text \<open>\<open>N\<close> is the odd part \<open>n\<^sub>0\<close> of the statement, written in binary with exponents
  \<open>m 1 > \<dots> > m l = 0\<close>; \<open>half_head\<close> is the sum \<open>s\<close> of the statement.\<close>
locale binary_expansion =
  fixes m :: "nat \<Rightarrow> nat" and l :: nat
  assumes exponent_decr: "\<And>i. 1 \<le> i \<Longrightarrow> i < l \<Longrightarrow> m (Suc i) < m i"
    and exponent_last: "m l = 0"
    and length_pos: "1 \<le> l"
begin

abbreviation N :: nat where
  "N \<equiv> \<Sum>i=1..l. 2 ^ m i"

definition head :: "nat \<Rightarrow> nat" where
  "head j = (\<Sum>i=1..<j. 2 ^ m i)"

definition tail :: "nat \<Rightarrow> nat" where
  "tail j = (\<Sum>i=j..l. 2 ^ m i)"

definition half_head :: "nat \<Rightarrow> nat" where
  "half_head j = (\<Sum>i=1..<j. 2 ^ (m i - 1))"

lemma exponent_decr_le:
  assumes "1 \<le> i" "i \<le> i'" "i' \<le> l"
  shows "m i' + (i' - i) \<le> m i"
  using assms(2,3)
proof (induction i' rule: dec_induct)
  case (step k)
  with assms(1) have "m (Suc k) < m k" by (intro exponent_decr) auto
  with step show ?case by simp
qed simp

lemma exponent_pos: "1 \<le> i \<Longrightarrow> i < l \<Longrightarrow> 1 \<le> m i"
  using exponent_decr_le[of i l] exponent_last by simp

lemma exponent_inj: "inj_on m {1..l}"
proof (rule inj_onI, rule ccontr)
  fix i j
  assume ij: "i \<in> {1..l}" "j \<in> {1..l}" "m i = m j" "i \<noteq> j"
  then consider "i < j" | "j < i" by linarith
  then show False
  proof cases
    case 1
    with ij have "m j + (j - i) \<le> m i" by (intro exponent_decr_le) auto
    with 1 ij(3) show False by simp
  next
    case 2
    with ij have "m i + (i - j) \<le> m j" by (intro exponent_decr_le) auto
    with 2 ij(3) show False by simp
  qed
qed

lemma head_add_tail:
  assumes "1 \<le> j" "j \<le> l + 1"
  shows "head j + tail j = N"
proof -
  have "head j + tail j = (\<Sum>i=1..<j. 2 ^ m i) + (\<Sum>i=j..<Suc l. 2 ^ m i)"
    unfolding head_def tail_def by (simp add: atLeastLessThanSuc_atLeastAtMost)
  also have "\<dots> = (\<Sum>i=1..<Suc l. 2 ^ m i)"
    using assms by (intro sum.atLeastLessThan_concat) auto
  finally show ?thesis by (simp add: atLeastLessThanSuc_atLeastAtMost)
qed

lemma double_half_head: "j \<le> l \<Longrightarrow> 2 * half_head j = head j"
  unfolding half_head_def head_def sum_distrib_left
proof (rule sum.cong)
  fix i
  assume "j \<le> l" "i \<in> {1..<j}"
  then have "1 \<le> m i" by (intro exponent_pos) auto
  then show "2 * 2 ^ (m i - 1) = (2 :: nat) ^ m i"
    by (metis Suc_diff_le diff_Suc_1 power_Suc)
qed simp

lemma tail_Suc: "1 \<le> j \<Longrightarrow> j \<le> l \<Longrightarrow> tail j = 2 ^ m j + tail (Suc j)"
  unfolding tail_def by (simp add: sum.atLeast_Suc_atMost)

lemma tail_last: "tail l = 1"
  unfolding tail_def using exponent_last by simp

lemma tail_less: "1 \<le> j \<Longrightarrow> j \<le> l \<Longrightarrow> tail j < 2 ^ (m j + 1)"
proof (induction "l - j" arbitrary: j)
  case 0
  then have "j = l" by simp
  then show ?case using tail_last exponent_last by simp
next
  case (Suc d)
  then have "j < l" by simp
  with Suc have "tail (Suc j) < 2 ^ (m (Suc j) + 1)" by simp
  also have "\<dots> \<le> 2 ^ m j"
    using \<open>j < l\<close> Suc.prems exponent_decr[of j] by (intro power_increasing) auto
  finally show ?case using tail_Suc[of j] Suc by simp
qed

lemma pow_le_tail: "1 \<le> j \<Longrightarrow> j \<le> l \<Longrightarrow> 2 ^ m j \<le> tail j"
  using tail_Suc by simp

lemma pow_less_tail:
  assumes "1 \<le> j" "j < l"
  shows "2 ^ m j < tail j"
proof -
  have "0 < (2 :: nat) ^ m (Suc j)" by simp
  also have "\<dots> \<le> tail (Suc j)" using assms by (intro pow_le_tail) auto
  finally show ?thesis using tail_Suc[of j] assms by simp
qed

lemma pow_dvd_head: "(\<And>i. 1 \<le> i \<Longrightarrow> i < j \<Longrightarrow> T \<le> m i) \<Longrightarrow> 2 ^ T dvd head j"
  unfolding head_def by (intro dvd_sum) (simp add: le_imp_power_dvd)

lemma pow_dvd_half_head: "(\<And>i. 1 \<le> i \<Longrightarrow> i < j \<Longrightarrow> T < m i) \<Longrightarrow> 2 ^ T dvd half_head j"
  unfolding half_head_def by (intro dvd_sum le_imp_power_dvd) fastforce

lemma half_head_ge: "2 \<le> j \<Longrightarrow> 2 ^ (m 1 - 1) \<le> half_head j"
  unfolding half_head_def by (rule member_le_sum) auto
(* Let $G$ be a connected nontrivial graph with $m$ vertices and let $n\geq3$. If $\min\{3n\lambda(G),\ 2(m+2e(G))\}> 6\delta(G)+2$, then $G\boxtimes C_n$ is super restricted edge-connected.
   Context: All graphs are finite, simple and undirected; "nontrivial" means having at least two vertices. $C_n$ denotes the cycle on $n$ vertices. For a graph $G$: $e(G)=|E(G)|$; $\delta(G)$ is the minimum degree; $\lambda(G)$ is the edge-connectivity. A restricted edge-cut of a connected graph $G$ is a set $S\subseteq E(G)$ such that $G-S$ is disconnected and every component of $G-S$ has at least $2$ vertices; $\lambda'(G)$ is the minimum cardinality of a restricted edge-cut. A graph is super restricted edge-connected if every minimum restricted edge-cut $S$ isolates an edge, i.e. some component of $G-S$ consists of exactly two (adjacent) vertices. The strong product $G\boxtimes H$ has vertex set $V(G)\times V(H)$, with $(x_1,y_1)$ and $(x_2,y_2)$ adjacent iff either $x_1=x_2$ and $y_1y_2\in E(H)$, or $y_1=y_2$ and $x_1x_2\in E(G)$, or $x_1x_2\in E(G)$ and $y_1y_2\in E(H)$. *)

theory Defs
  imports Main
begin

type_synonym 'a graph = "'a set \<times> 'a set set"

definition verts :: "'a graph \<Rightarrow> 'a set" where "verts G = fst G"
definition edges :: "'a graph \<Rightarrow> 'a set set" where "edges G = snd G"

definition simple_graph :: "'a graph \<Rightarrow> bool" where
  "simple_graph G \<longleftrightarrow> finite (verts G) \<and>
     (\<forall>e\<in>edges G. \<exists>x y. x \<noteq> y \<and> x \<in> verts G \<and> y \<in> verts G \<and> e = {x, y})"

definition adj_rel :: "'a graph \<Rightarrow> ('a \<times> 'a) set" where
  "adj_rel G = {(x, y). {x, y} \<in> edges G}"

definition connected_graph :: "'a graph \<Rightarrow> bool" where
  "connected_graph G \<longleftrightarrow> verts G \<noteq> {} \<and>
     (\<forall>x\<in>verts G. \<forall>y\<in>verts G. (x, y) \<in> (adj_rel G)\<^sup>*)"

definition components :: "'a graph \<Rightarrow> 'a set set" where
  "components G = {{y \<in> verts G. (x, y) \<in> (adj_rel G)\<^sup>*} | x. x \<in> verts G}"

definition num_edges :: "'a graph \<Rightarrow> nat" where "num_edges G = card (edges G)"

definition degree :: "'a graph \<Rightarrow> 'a \<Rightarrow> nat" where
  "degree G v = card {e \<in> edges G. v \<in> e}"

definition min_degree :: "'a graph \<Rightarrow> nat" where
  "min_degree G = Min (degree G ` verts G)"

definition del_edges :: "'a graph \<Rightarrow> 'a set set \<Rightarrow> 'a graph" where
  "del_edges G S = (verts G, edges G - S)"

definition edge_cut :: "'a graph \<Rightarrow> 'a set set \<Rightarrow> bool" where
  "edge_cut G S \<longleftrightarrow> S \<subseteq> edges G \<and> \<not> connected_graph (del_edges G S)"

definition edge_connectivity :: "'a graph \<Rightarrow> nat" where
  "edge_connectivity G = Min {card S | S. edge_cut G S}"

definition restricted_edge_cut :: "'a graph \<Rightarrow> 'a set set \<Rightarrow> bool" where
  "restricted_edge_cut G S \<longleftrightarrow> edge_cut G S \<and>
     (\<forall>C\<in>components (del_edges G S). card C \<ge> 2)"

definition super_restricted_edge_connected :: "'a graph \<Rightarrow> bool" where
  "super_restricted_edge_connected G \<longleftrightarrow>
     (\<forall>S. restricted_edge_cut G S \<and> (\<forall>T. restricted_edge_cut G T \<longrightarrow> card S \<le> card T) \<longrightarrow>
        (\<exists>C\<in>components (del_edges G S). card C = 2))"
lemma top_entropy_eq_infinity_of_separated_sets:
  assumes "k \<ge> 1"
    and sep: "\<And>K. K \<ge> 2 \<Longrightarrow> \<exists>\<epsilon>>0. \<forall>n\<ge>1. \<exists>E. separated_set d g S (n * k) \<epsilon> E \<and> card E = K ^ n"
  shows "top_entropy d g S = \<infinity>"
proof (rule ereal_top)
  fix B :: real
  define K where "K = nat \<lceil>exp (B * real k)\<rceil> + 2"
  obtain \<epsilon> where "\<epsilon> > 0" "\<forall>n\<ge>1. \<exists>E. separated_set d g S (n * k) \<epsilon> E \<and> card E = K ^ n"
    using sep[of K] by (auto simp: K_def)
  then have entropy_ge: "ereal (ln (real K) / real k) \<le> top_entropy d g S"
    using \<open>k \<ge> 1\<close> by (intro top_entropy_ge_of_separated_sets) (auto simp: K_def)
  have "exp (B * real k) \<le> real K"
    unfolding K_def by linarith
  then have "B * real k \<le> ln (real K)"
    by (metis exp_gt_zero ln_exp ln_le_cancel_iff order_less_le_trans)
  then have "B \<le> ln (real K) / real k"
    using \<open>k \<ge> 1\<close> by (simp add: pos_le_divide_eq)
  then show "ereal B \<le> top_entropy d g S"
    using entropy_ge by (metis ereal_less_eq(3) order_trans)
qed

section \<open>Hausdorff distance and conjugacies\<close>

lemma hausdorff_dist_self: "A \<noteq> {} \<Longrightarrow> hausdorff_dist A A = 0"
  unfolding hausdorff_dist_def by simp

lemma infdist_le_hausdorff_dist:
  assumes "x \<in> A" "bounded A"
  shows "infdist x B \<le> hausdorff_dist A B" "infdist x B \<le> hausdorff_dist B A"
proof -
  obtain r where "\<forall>y\<in>A. infdist y B \<le> r"
  proof (cases "B = {}")
    case False
    then obtain b where "b \<in> B" by blast
    obtain r where "\<forall>y\<in>A. dist b y \<le> r"
      using \<open>bounded A\<close> bounded_any_center by blast
    then show ?thesis
      using that infdist_le[OF \<open>b \<in> B\<close>] by (metis dist_commute order_trans)
  qed (auto simp: infdist_def)
  then have "infdist x B \<le> (SUP y\<in>A. infdist y B)"
    using \<open>x \<in> A\<close> by (intro cSUP_upper bdd_aboveI2) auto
  then show "infdist x B \<le> hausdorff_dist A B" "infdist x B \<le> hausdorff_dist B A"
    unfolding hausdorff_dist_def by auto
qed

lemma le_infdistI:
  assumes "A \<noteq> {}" "\<And>a. a \<in> A \<Longrightarrow> e \<le> dist x a"
  shows "e \<le> infdist x A"
  using assms unfolding infdist_eq_setdist by (intro le_setdistI) auto

lemma infdist_ge_of_uniformly_continuous_image:
  assumes "uniformly_continuous_on S \<phi>" "e > 0"
  obtains \<delta> where "\<delta> > 0"
    and "\<And>p Q. p \<in> S \<Longrightarrow> Q \<subseteq> S \<Longrightarrow> Q \<noteq> {} \<Longrightarrow> e \<le> infdist (\<phi> p) (\<phi> ` Q) \<Longrightarrow> \<delta> \<le> infdist p Q"
proof -
  obtain \<delta> where "\<delta> > 0" and \<delta>: "\<And>p q. p \<in> S \<Longrightarrow> q \<in> S \<Longrightarrow> dist q p < \<delta> \<Longrightarrow> dist (\<phi> q) (\<phi> p) < e"
    using assms unfolding uniformly_continuous_on_def by metis
  have "\<delta> \<le> infdist p Q"
    if "p \<in> S" "Q \<subseteq> S" "Q \<noteq> {}" and far: "e \<le> infdist (\<phi> p) (\<phi> ` Q)" for p Q
  proof -
    have "\<delta> \<le> dist p q" if "q \<in> Q" for q
    proof -
      have "e \<le> dist (\<phi> p) (\<phi> q)"
        using far infdist_le[of "\<phi> q" "\<phi> ` Q" "\<phi> p"] \<open>q \<in> Q\<close> by simp
      then show ?thesis
        using \<delta>[of p q] \<open>p \<in> S\<close> \<open>q \<in> Q\<close> \<open>Q \<subseteq> S\<close> by (force simp: dist_commute)
    qed
    then show ?thesis
      using \<open>Q \<noteq> {}\<close> by (intro le_infdistI) auto
  qed
  with \<open>\<delta> > 0\<close> that show ?thesis by blast
qed

lemma funpow_induced_map:
  fixes f :: "'a \<Rightarrow> 'a"
  shows "(induced_map f ^^ m) A = (f ^^ m) ` A"
proof -
  have "induced_map f = image f"
    by (simp add: fun_eq_iff induced_map_def)
  then show ?thesis
    by (induction m) (simp_all add: image_comp)
qed

lemma homeomorphism_conjugacy_funpow:
  assumes hom: "homeomorphism S T \<phi> \<psi>" and inv: "g ` S \<subseteq> S"
    and conj: "\<And>x. x \<in> S \<Longrightarrow> \<phi> (g x) = F (\<phi> x)" and "y \<in> T"
  shows "(F ^^ i) y \<in> T \<and> (g ^^ i) (\<psi> y) = \<psi> ((F ^^ i) y)"
proof (induction i)
  case (Suc i)
  define x where "x = \<psi> ((F ^^ i) y)"
  have "x \<in> S" "\<phi> x = (F ^^ i) y"
    using Suc hom unfolding x_def homeomorphism_def by auto
  then have "g x \<in> S" "\<phi> (g x) = (F ^^ Suc i) y"
    using inv conj by auto
  then show ?case
    using Suc hom unfolding x_def homeomorphism_def by force
qed (use \<open>y \<in> T\<close> in simp)

lemma homeomorphism_conjugacy_image_funpow:
  assumes "homeomorphism S T \<phi> \<psi>" "g ` S \<subseteq> S"
    and "\<And>x. x \<in> S \<Longrightarrow> \<phi> (g x) = F (\<phi> x)" and "B \<subseteq> T"
  shows "(g ^^ i) ` \<psi> ` B = \<psi> ` (F ^^ i) ` B"
  using homeomorphism_conjugacy_funpow[OF assms(1-3)] \<open>B \<subseteq> T\<close>
  by (simp add: image_image subset_iff cong: image_cong)

section \<open>Subcontinua of the special dendrite encoding words\<close>

definition dendrite_len :: "int \<Rightarrow> real" where
  "dendrite_len j = 1 / (real_of_int \<bar>j\<bar> + 1)"

definition dendrite_stalk :: "int \<Rightarrow> real \<Rightarrow> (real \<times> real) set" where
  "dendrite_stalk j r = {dendrite_a j} \<times> {0 .. r * dendrite_len j}"

text \<open>The continuum of the word \<open>w\<close> at time \<open>i\<close>: letter \<open>l\<close> is a stalk on \<open>L\<^sub>i\<^sub>-\<^sub>l\<close>.\<close>

definition word_dendrite :: "nat \<Rightarrow> nat list \<Rightarrow> nat \<Rightarrow> (real \<times> real) set" where
  "word_dendrite K w i =
     dendrite_base \<union> (\<Union>l<length w. dendrite_stalk (int i - int l) (real (w ! l) / real K))"

lemma dendrite_len_pos: "0 < dendrite_len j"
  by (simp add: dendrite_len_def add_pos_nonneg)

lemma dendrite_len_zero [simp]: "dendrite_len 0 = 1"
  by (simp add: dendrite_len_def)

lemma dendrite_a_zero [simp]: "dendrite_a 0 = 0"
  by (simp add: dendrite_a_def)

lemma dendrite_a_bounds: "dendrite_a j \<in> {-1..1}"
  by (auto simp: dendrite_a_def sgn_if field_simps)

* [Your task]:
State how many lines in the records contain the string "cong". Give the number with no words around it.

* [Task response]:
2